* PROBLEM DESCRIPTION:
Begin at the first line below and copy each line exactly, ending with the line where "a i \<subseteq>" appears.

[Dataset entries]
(* The cell (i, j) stands for the j-th copy of G in the i-th frame member.  In the contracted
   union, the copy of a vertex v in cell c is identified with its copies in the cells of
   cell_class (kind_of V0 V1 v) a s c. *)
definition cells :: "(nat \<Rightarrow> nat) \<Rightarrow> nat \<Rightarrow> cell set" where
  "cells a s = (SIGMA i:{1..s}. {1..a i})"

definition block :: "(nat \<Rightarrow> nat) \<Rightarrow> nat \<Rightarrow> cell set" where
  "block a i = {i} \<times> {1..a i}"

definition inner_cells :: "(nat \<Rightarrow> nat) \<Rightarrow> nat \<Rightarrow> cell set" where
  "inner_cells a s = (SIGMA i:{1..s}. {1..<a i})"

fun cell_class :: "vertex_kind \<Rightarrow> (nat \<Rightarrow> nat) \<Rightarrow> nat \<Rightarrow> cell \<Rightarrow> cell set" where
  "cell_class Unshared a s c = {c}"
| "cell_class Framed a s c = block a (fst c)"
| "cell_class Glued a s c = cells a s"

lemma mem_cells: "(i, j) \<in> cells a s \<longleftrightarrow> i \<in> {1..s} \<and> j \<in> {1..a i}"
  by (simp add: cells_def)

lemma finite_cells [simp]: "finite (cells a s)"
  by (simp add: cells_def)

lemma card_cells: "card (cells a s) = (\<Sum>i=1..s. a i)"
  by (simp add: cells_def card_SigmaI)

lemma sum_block: "(\<Sum>c\<in>block a i. f c) = (\<Sum>j=1..a i. f (i, j))"
proof -
  have "block a i = Pair i ` {1..a i}"
    by (auto simp: block_def)
  then show ?thesis
    by (simp add: sum.reindex inj_on_def)
qed

lemma sum_cells: "(\<Sum>c\<in>cells a s. f c) = (\<Sum>i=1..s. \<Sum>c\<in>block a i. f c)"
  by (simp add: cells_def sum.Sigma sum_block)

lemma card_block [simp]: "card (block a i) = a i"
  by (simp add: block_def)

lemma block_subset_cells: "i \<in> {1..s} \<Longrightarrow> block a i \<subseteq> cells a s"
  by (auto simp: block_def cells_def)
theorem lemma3p1:
  shows "\<not> poly_htpy_equiv (emb0 :: 'a::idom \<Rightarrow> 'a poly) emb1 Omega0 Omega1 beta"
proof
  assume "poly_htpy_equiv (emb0 :: 'a::idom \<Rightarrow> 'a poly) emb1 Omega0 Omega1 beta"
  then obtain g :: "(bool \<Rightarrow> 'a poly) \<Rightarrow> 'a poly"
    where g: "alg_hom emb1 emb0 Omega1 Omega0 g"
      and "homotopic emb0 emb0 Omega0 Omega0 (g \<circ> beta) id"
    by (auto simp: poly_htpy_equiv_def)
  then have "nondegenerate_substitution (g \<circ> beta)"
    using homotopic_preserves_nondegenerate_substitution nondegenerate_substitution_id by blast
  with not_nondegenerate_substitution_through_Omega1[OF g] show False ..
qed

end
lemma g_le_iff: "x \<in> {0..1} \<Longrightarrow> y \<in> {0..1} \<Longrightarrow> g x \<le> g y \<longleftrightarrow> y \<le> x"
  using classC inj decreasing01D[of g] unfolding classC_def classE_def inj_on_def
  by (metis atLeastAtMost_iff nle_le order_antisym)

lemma strictly_decreasing: "strictly_decreasing01 g"
  unfolding strictly_decreasing01_def using g_le_iff by (auto simp: not_le[symmetric])

lemma ginv_antimono: "0 \<le> x \<Longrightarrow> x \<le> y \<Longrightarrow> y \<le> 1 \<Longrightarrow> ginv y \<le> ginv x"
  using g_le_iff[of "ginv x" "ginv y"] ginv_mem g_ginv by simp

lemma ginv_continuous: "continuous_on {0..1} ginv"
  using continuous_on_inv[OF continuous_g compact_Icc, of ginv] ginv_g classC_image[OF classC]
  by simp

lemma gstar_eq_ginv:
  assumes "y \<in> {0..1}"
  shows "gstar g y = ginv y"
proof -
  have "{x \<in> {0..1}. y \<le> g x} = {0..ginv y}"
    using g_le_iff[of "ginv y"] ginv_mem[OF assms] g_ginv[OF assms] by auto
  then show ?thesis
    unfolding gstar_def using ginv_mem[OF assms] by simp
qed

lemma Top_eq:
  assumes "x \<in> {0..1}"
  shows "Top g x = integral {x..1} ginv / integral {0..1} g"
proof -
  have "integral {x..1} (gstar g) = integral {x..1} ginv"
    by (rule integral_cong) (use assms gstar_eq_ginv in auto)
  then show ?thesis
    unfolding Top_def by simp
qed

lemma fixed_point_solves_ode:
  assumes fixed: "\<And>x. x \<in> {0..1} \<Longrightarrow> Top g x = g x"
  shows "solves_ode (integral {0..1} g) g"
  unfolding solves_ode_def
proof (intro conjI bij ballI)
  fix x :: real assume x: "x \<in> {0..1}"
  have "((\<lambda>u. integral {u..1} ginv / integral {0..1} g) has_real_derivative
      - ginv x / integral {0..1} g) (at x within {0..1})"
    using DERIV_cdivide[OF integral_has_real_derivative'[OF ginv_continuous x]] by simp
  then show "(g has_real_derivative - ginv x / integral {0..1} g) (at x within {0..1})"
    by (rule has_field_derivative_transform_within[OF _ zero_less_one x])
       (simp add: fixed Top_eq[symmetric])
qed

lemma integral_eq_integral_ginv:
  assumes deriv: "\<And>x. x \<in> {0..1} \<Longrightarrow> (g has_real_derivative g' x) (at x within {0..1})"
  shows "integral {0..1} g = integral {0..1} ginv"
proof -
  define R where "R x = x * g x + integral {g x..1} ginv" for x
  \<comment> \<open>a primitive of g: the two g' terms of R' cancel because g^-1(g x) = x\<close>
  have "(R has_real_derivative g x) (at x within {0..1})" if x: "x \<in> {0..1}" for x
  proof -
    have gx: "g x \<in> {0..1}"
      using classC_image[OF classC] x by auto
    have "((\<lambda>u. integral {u..1} ginv) \<circ> g has_real_derivative - ginv (g x) * g' x)
        (at x within {0..1})"
      by (rule DERIV_image_chain[OF _ deriv[OF x]])
         (use integral_has_real_derivative'[OF ginv_continuous gx] classC_image[OF classC] in simp)
    then have chain: "((\<lambda>u. integral {g u..1} ginv) has_real_derivative - (ginv (g x) * g' x))
        (at x within {0..1})"
      by (simp add: o_def)
    have "(R has_real_derivative x * g' x + 1 * g x + - (ginv (g x) * g' x)) (at x within {0..1})"
      unfolding R_def by (rule DERIV_add[OF DERIV_mult'[OF DERIV_ident deriv[OF x]] chain])
    then show ?thesis
      using ginv_g[OF x] by simp
  qed
  then have "(g has_integral (R 1 - R 0)) {0..1}"
    by (intro fundamental_theorem_of_calculus)
       (auto simp: has_real_derivative_iff_has_vector_derivative)
  moreover have "R 1 - R 0 = integral {0..1} ginv"
    unfolding R_def using g0 g1 by simp
  ultimately show ?thesis
    by (simp add: integral_unique)
qed

lemma ginv_has_derivative:
  assumes y: "y \<in> {0..1}" and deriv: "(g has_real_derivative D) (at (ginv y) within {0..1})"
    and "D \<noteq> 0"
  shows "(ginv has_real_derivative 1 / D) (at y within {0..1})"
proof -
  have "(ginv has_derivative (*) (1 / D)) (at (g (ginv y)) within g ` {0..1})"
  proof (rule has_derivative_inverse_within)
    show "(g has_derivative (*) D) (at (ginv y) within {0..1})"
      using deriv by (simp add: has_field_derivative_def)
    have "continuous (at y within {0..1}) ginv"
      using ginv_continuous y by (simp add: continuous_on_eq_continuous_within)
    then show "continuous (at (g (ginv y)) within g ` {0..1}) ginv"
      using g_ginv[OF y] classC_image[OF classC] by simp
    show "(*) (1 / D) \<circ> (*) D = id"
      using \<open>D \<noteq> 0\<close> by (auto simp: fun_eq_iff)
    show "linear ((*) (1 / D))"
      by (rule linear_times)
  qed (use ginv_mem[OF y] ginv_g in auto)
  then show ?thesis
    using g_ginv[OF y] classC_image[OF classC] by (simp add: has_field_derivative_def)
qed

end

locale ode_solution =
  fixes g :: "real \<Rightarrow> real" and \<gamma> :: real
  assumes classC: "classC g" and \<gamma>_pos: "0 < \<gamma>" and solves: "solves_ode \<gamma> g"

sublocale ode_solution \<subseteq> classC_bij
  using classC solves by unfold_locales (simp_all add: solves_ode_def bij_betw_def)

context ode_solution
begin

lemma g_has_derivative: "x \<in> {0..1} \<Longrightarrow> (g has_real_derivative - ginv x / \<gamma>) (at x within {0..1})"
  using solves unfolding solves_ode_def by blast

lemma g_eq_integral:
  assumes x: "x \<in> {0..1}"
  shows "g x = integral {x..1} ginv / \<gamma>"
proof -
  have "((\<lambda>u. - ginv u / \<gamma>) has_integral (g 1 - g x)) {x..1}"
  proof (rule fundamental_theorem_of_calculus)
    show "x \<le> 1"
      using x by simp
  next
    fix u assume u: "u \<in> {x..1}"
    have "(g has_real_derivative - ginv u / \<gamma>) (at u within {x..1})"
      by (rule DERIV_subset[OF g_has_derivative]) (use x u in auto)
    then show "(g has_vector_derivative - ginv u / \<gamma>) (at u within {x..1})"
      by (simp add: has_real_derivative_iff_has_vector_derivative)
  qed
  from has_integral_mult_right[OF this, of "- \<gamma>"]
  have "(ginv has_integral \<gamma> * g x) {x..1}"
    using \<gamma>_pos g1 by simp
  then show ?thesis
    using \<gamma>_pos by (simp add: integral_unique)
qed

lemma integral_ginv: "integral {0..1} ginv = \<gamma>"
  using g_eq_integral[of 0] g0 \<gamma>_pos by simp

lemma integral_g: "integral {0..1} g = \<gamma>"
  using integral_eq_integral_ginv[OF g_has_derivative] integral_ginv by simp

lemma Top_fixed: "x \<in> {0..1} \<Longrightarrow> Top g x = g x"
  using Top_eq g_eq_integral integral_g by simp

lemma convex: "convex_on {0..1} g"
proof -
  have "convex_on {0..1} (\<lambda>x. integral {x..1} ginv / \<gamma>)"
    using \<gamma>_pos
    by (intro convex_on_cdiv convex_on_integral_tail integrable_continuous_real ginv_continuous)
       (auto intro: ginv_antimono)
  then show ?thesis
    by (rule convex_on_cong_on) (simp add: g_eq_integral)
qed

lemma one_minus_le_g:
  assumes x: "x \<in> {0..1}"
  shows "1 - x / \<gamma> \<le> g x"
proof -
  have int: "ginv integrable_on {0..1}"
    by (rule integrable_continuous_real[OF ginv_continuous])
  have "integral {0..x} ginv \<le> integral {0..x} (\<lambda>_. 1)"
    using x ginv_mem integrable_subinterval_real[OF int]
    by (intro integral_le) auto
  then have "integral {0..x} ginv \<le> x"
    using x by simp
  moreover have "integral {0..x} ginv + integral {x..1} ginv = \<gamma>"
    using Henstock_Kurzweil_Integration.integral_combine[OF _ _ int] x integral_ginv by simp
  ultimately show ?thesis
    using g_eq_integral[OF x] \<gamma>_pos by (simp add: field_simps)
qed

lemma stride: "stride g = \<gamma>"
proof (rule stride_eqI[OF \<gamma>_pos g0 one_minus_le_g])
  show "(g has_real_derivative - 1 / \<gamma>) (at 0 within {0..1})"
    using g_has_derivative[of 0] ginv_0 by simp
qed

lemma ginv_ginv_pos:
  assumes y: "y \<in> {0<..1}"
  shows "0 < ginv (ginv y)"
proof -
  have "ginv y \<noteq> 1"
    using y g_ginv[of y] g1 by force
  then have "ginv (ginv y) \<noteq> 0"
    using ginv_mem[of y] g_ginv[of "ginv y"] g0 y by force
  then show ?thesis
    using ginv_mem[of "ginv y"] ginv_mem[of y] y by force
qed

lemma ginv_has_derivative_ginv_ginv:
  assumes y: "y \<in> {0<..1}"
  shows "(ginv has_real_derivative - \<gamma> / ginv (ginv y)) (at y within {0..1})"
  using ginv_has_derivative[OF _ g_has_derivative[OF ginv_mem]] ginv_ginv_pos[OF y] y \<gamma>_pos
  by simp

lemma continuous_on_inverse_ginv_ginv: "continuous_on {0<..1} (\<lambda>y. 1 / ginv (ginv y))"
proof -
  have "continuous_on {0<..1} (\<lambda>y. ginv (ginv y))"
    using ginv_mem
    by (intro continuous_on_compose2[OF ginv_continuous continuous_on_subset[OF ginv_continuous]]) auto
  moreover have "\<forall>y\<in>{0<..1}. ginv (ginv y) \<noteq> 0"
    using ginv_ginv_pos by force
  ultimately show ?thesis
    by (intro continuous_intros) auto
qed

lemma deriv_on01_g: "deriv_on01 g (\<lambda>x. - ginv x / \<gamma>)"
  unfolding deriv_on01_def using g_has_derivative by simp

lemma deriv_on01_g': "deriv_on01 (\<lambda>x. - ginv x / \<gamma>) (\<lambda>y. 1 / ginv (ginv y))"
  unfolding deriv_on01_def
proof
  fix y :: real assume y: "y \<in> {0<..1}"
  show "((\<lambda>x. - ginv x / \<gamma>) has_real_derivative 1 / ginv (ginv y)) (at y within {0..1})"
    using DERIV_cdivide[OF DERIV_minus[OF ginv_has_derivative_ginv_ginv[OF y]], of \<gamma>] \<gamma>_pos
    by simp
qed

lemma deriv_on01_gstar: "deriv_on01 (gstar g) (\<lambda>y. - \<gamma> / ginv (ginv y))"
  unfolding deriv_on01_def
proof
  fix y :: real assume y: "y \<in> {0<..1}"
  show "(gstar g has_real_derivative - \<gamma> / ginv (ginv y)) (at y within {0..1})"
    by (rule has_field_derivative_transform_within[OF ginv_has_derivative_ginv_ginv[OF y] zero_less_one])
       (use y gstar_eq_ginv in auto)
qed

lemma C1_on01_g': "C1_on01 (\<lambda>x. - ginv x / \<gamma>)"
  unfolding C1_on01_def using deriv_on01_g' continuous_on_inverse_ginv_ginv by blast

lemma C1_on01_gstar: "C1_on01 (gstar g)"
proof -
  have "continuous_on {0<..1} (\<lambda>y. - \<gamma> * (1 / ginv (ginv y)))"
    by (intro continuous_intros continuous_on_inverse_ginv_ginv)
  then show ?thesis
    unfolding C1_on01_def using deriv_on01_gstar by auto
qed

lemma classD_sharp_convex: "classD_sharp_convex g"
proof -
  have cont: "continuous_on {0..1} (\<lambda>x. - ginv x / \<gamma>)"
    using \<gamma>_pos by (intro continuous_intros ginv_continuous) simp
  have "continuous_on {0<..1} (\<lambda>x. - ginv x / \<gamma>)"
    by (rule continuous_on_subset[OF cont]) auto
  then have "C1_on01 g"
    unfolding C1_on01_def using deriv_on01_g by blast
  moreover have "((\<lambda>x. - ginv x / \<gamma>) \<longlongrightarrow> - ginv 0 / \<gamma>) (at 0 within {0..1})"
    using cont by (simp add: continuous_on_eq_continuous_within continuous_within)
  then have "((\<lambda>x. - ginv x / \<gamma>) \<longlongrightarrow> - 1 / \<gamma>) (at_right 0)"
    using ginv_0 by (simp add: at_within_Icc_at_right)
  moreover have "- ginv 1 / \<gamma> = 0" and "- 1 / \<gamma> \<le> 0"
    using ginv_1 \<gamma>_pos by simp_all
  ultimately have "classD_sharp g"
    unfolding classD_sharp_def classD'_def classD_def
    using classC strictly_decreasing deriv_on01_g by blast
  then show ?thesis
    unfolding classD_sharp_convex_def classC_convex_def using classC convex by blast
qed

end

* RESPONSE TO THE TASK:
(* The cell (i, j) stands for the j-th copy of G in the i-th frame member.  In the contracted
   union, the copy of a vertex v in cell c is identified with its copies in the cells of
   cell_class (kind_of V0 V1 v) a s c. *)
definition cells :: "(nat \<Rightarrow> nat) \<Rightarrow> nat \<Rightarrow> cell set" where
  "cells a s = (SIGMA i:{1..s}. {1..a i})"

definition block :: "(nat \<Rightarrow> nat) \<Rightarrow> nat \<Rightarrow> cell set" where
  "block a i = {i} \<times> {1..a i}"

definition inner_cells :: "(nat \<Rightarrow> nat) \<Rightarrow> nat \<Rightarrow> cell set" where
  "inner_cells a s = (SIGMA i:{1..s}. {1..<a i})"

fun cell_class :: "vertex_kind \<Rightarrow> (nat \<Rightarrow> nat) \<Rightarrow> nat \<Rightarrow> cell \<Rightarrow> cell set" where
  "cell_class Unshared a s c = {c}"
| "cell_class Framed a s c = block a (fst c)"
| "cell_class Glued a s c = cells a s"

lemma mem_cells: "(i, j) \<in> cells a s \<longleftrightarrow> i \<in> {1..s} \<and> j \<in> {1..a i}"
  by (simp add: cells_def)

lemma finite_cells [simp]: "finite (cells a s)"
  by (simp add: cells_def)

lemma card_cells: "card (cells a s) = (\<Sum>i=1..s. a i)"
  by (simp add: cells_def card_SigmaI)

lemma sum_block: "(\<Sum>c\<in>block a i. f c) = (\<Sum>j=1..a i. f (i, j))"
proof -
  have "block a i = Pair i ` {1..a i}"
    by (auto simp: block_def)
  then show ?thesis
    by (simp add: sum.reindex inj_on_def)
qed

lemma sum_cells: "(\<Sum>c\<in>cells a s. f c) = (\<Sum>i=1..s. \<Sum>c\<in>block a i. f c)"
  by (simp add: cells_def sum.Sigma sum_block)

lemma card_block [simp]: "card (block a i) = a i"
  by (simp add: block_def)

lemma block_subset_cells: "i \<in> {1..s} \<Longrightarrow> block a i \<subseteq> cells a s"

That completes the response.